Walking in the streets of Valletta in the 1950s, the sight of bombed-out buildings, remnants of homes, businesses and community spaces, were common well after the end of the war.
But while some clung to the safe familiarity of the past, other were looking to the future, with the foundations of an independent Malta being laid day by day.
This is the Valletta captured so prolifically and thoughtfully in the work of Guido Stilon.
The Guido Stilon collection, which has been digitised by the Magna Żmien project, is a prolific archive that documents Malta between the 1950s and the mid-1970s. While Stilon never exhibited his work while he was alive, the composition, technique and diversity of his photographs reflect a man who felt a compulsive need to document what he was seeing.
Stilon’s photography is the subject of the exhibition Malta in Transition, which will run at the Malta Postal Museum from February 11 to March 7.
“When we first received the collection, we didn’t quite realise what it was going to be,” exhibition curator Letta Shtohryn told The Sunday Times of Malta.
“After digitising the first 40 or 50 family images I thought, okay, this is a personal collection. But then I kept going and I realised he was using a lot of typical techniques of analogue photography. All throughout there were signs of him actually being a professional and not just an amateur person who photographs his parents.”
According to Magna Żmien archivist Andrew Pace, research into the collection indicated that Stilon’s borderline obsessive and methodical documentation came mostly from his own initiative to see and capture Malta. Other times he was commissioned, such as at the 1963 archaeological dig at Tas-Silġ.
When we first received the collection, we didn’t quite realise what it was going to be
A Valletta native, Stilon’s collection shows that the capital city was one of his most intensely documented locations.
“I suppose Valletta was what was most logistically available to him since he lived there,” Ms Shtohryn said.
“But you can tell that he really liked Valletta and everything about it was of interest to him. It’s interesting because he was looking at the fabric of the city and capturing how diverse it really was. Because you have all classes of people, all sorts of professions living side by side. So that’s quite an interesting collection of humans in one place.”
Despite his fondness for his hometown, it doesn’t seem like Stilon sought to capture an idyllic sense of nostalgia, Mr Pace said, but had the skill as a photographer to take a step back and capture his subjects in all of its own character.
“His approach was interested in the past and interested in the future,” Mr Pace said.
“That’s really clear throughout, there’s no nostalgic gaze in his photos. Even if what we would describe today as nostalgic, there’s that thing in his photography that feels very present and contemporary of the time.
Ms Shtohryn added: “The buildings that Guido photographed have meaning not only in their function but also in the social perception of space.

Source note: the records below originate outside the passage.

lemma q_pair_attained:
  assumes "finite (players V E)" "2 \<le> card (players V E)"
  obtains a b where "a \<in> players V E" "b \<in> players V E" "a \<noteq> b" "q_pair V E = pair_prob V E a b"
proof -
  define Q where "Q = {pair_prob V E a b | a b. a \<in> players V E \<and> b \<in> players V E \<and> a \<noteq> b}"
  have "Q \<subseteq> (\<lambda>(a, b). pair_prob V E a b) ` (players V E \<times> players V E)"
    unfolding Q_def by auto
  then have "finite Q"
    using assms(1) finite_subset by blast
  moreover have "Q \<noteq> {}"
    using assms unfolding Q_def using card_le_Suc0_iff_eq by fastforce
  ultimately have "Min Q \<in> Q"
    by (rule Min_in)
  then show ?thesis
    using that unfolding q_pair_def Q_def[symmetric] by (auto simp: Q_def)
qed

lemma card_not_at_meet_match:
  assumes "finite (brackets V E)" "brackets V E \<noteq> {}"
  shows "real (card {C \<in> brackets V E. C (meet_match V E a b) \<notin> {a, b}})
    = (1 - pair_prob V E a b) * real (card (brackets V E))"
proof -
  let ?S0 = "{C \<in> brackets V E. C (meet_match V E a b) \<notin> {a, b}}"
  let ?S1 = "{C \<in> brackets V E. C (meet_match V E a b) \<in> {a, b}}"
  have "?S0 \<union> ?S1 = brackets V E" "?S0 \<inter> ?S1 = {}"
    by auto
  then have "card ?S0 + card ?S1 = card (brackets V E)"
    using assms(1) card_Un_disjoint[of ?S0 ?S1] by simp
  then have "real (card ?S0) + real (card ?S1) = real (card (brackets V E))"
    by (simp flip: of_nat_add)
  moreover have "real (card (brackets V E)) > 0"
    using assms by (simp add: card_gt_0_iff)
  then have "(1 - pair_prob V E a b) * real (card (brackets V E))
      = real (card (brackets V E)) - real (card ?S1)"
    unfolding pair_prob_def by (simp add: field_simps)
  ultimately show ?thesis
    by linarith
qed

theorem proposition4p4:
  fixes V :: "'v set" and E :: "('v \<times> 'v) set" and \<sigma> :: "'v \<Rightarrow> real" and N :: nat
  assumes "single_elim_tournament V E"
    and "card (players V E) \<ge> 2"
    and "N = card (brackets V E)"
    and "scoring_system V E \<sigma>"
  shows "real (res V E \<sigma>) > (1 - q_pair V E) * real N"
proof -
  interpret se_tournament V E
    using assms(1) by (rule se_tournament.intro)
  obtain a b where ab: "a \<in> players V E" "b \<in> players V E" "a \<noteq> b"
    and q: "q_pair V E = pair_prob V E a b"
    using q_pair_attained finite_players assms(2) by blast
  define x where "x = meet_match V E a b"
  obtain B where B: "is_bracket V E B" "is_bracket V E (B(x := b))" "B x = a"
    using exists_bracket_flippable_at_meet[OF ab x_def] by blast
  define S where "S = {C \<in> brackets V E. C x \<notin> {a, b}}"
  have "card S < res V E \<sigma>"
    using card_lt_res_if_not_resolving[OF finite_brackets] not_resolving_avoiding_upd[OF B(1,2)]
      B(3) ab(3) unfolding S_def by auto
  moreover have "real (card S) = (1 - q_pair V E) * real N"
    using card_not_at_meet_match[OF finite_brackets] B(1) q assms(3)
    unfolding S_def x_def brackets_def by auto
  ultimately show ?thesis
    by simp
qed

“The old City Gate, for example, was a hugely controversial project because it was tied so closely with the rebuilding of the Royal Theatre and also because people used to live there. There are a lot of interesting parallels with how we look at some construction projects today.”
Mr Pace said: “The subjects of his photos were monumental or institutional changes. He’s obviously seen Valletta being destroyed, but he was thinking, what’s going to come next? What’s going to replace that? Not just as architecture but as institutions.
“The law courts are very indicative of this. They are such a significant symbol of ‘we’re governing ourselves, we’re making our own laws’. For me that’s the most significant construction site in Valletta during his time.”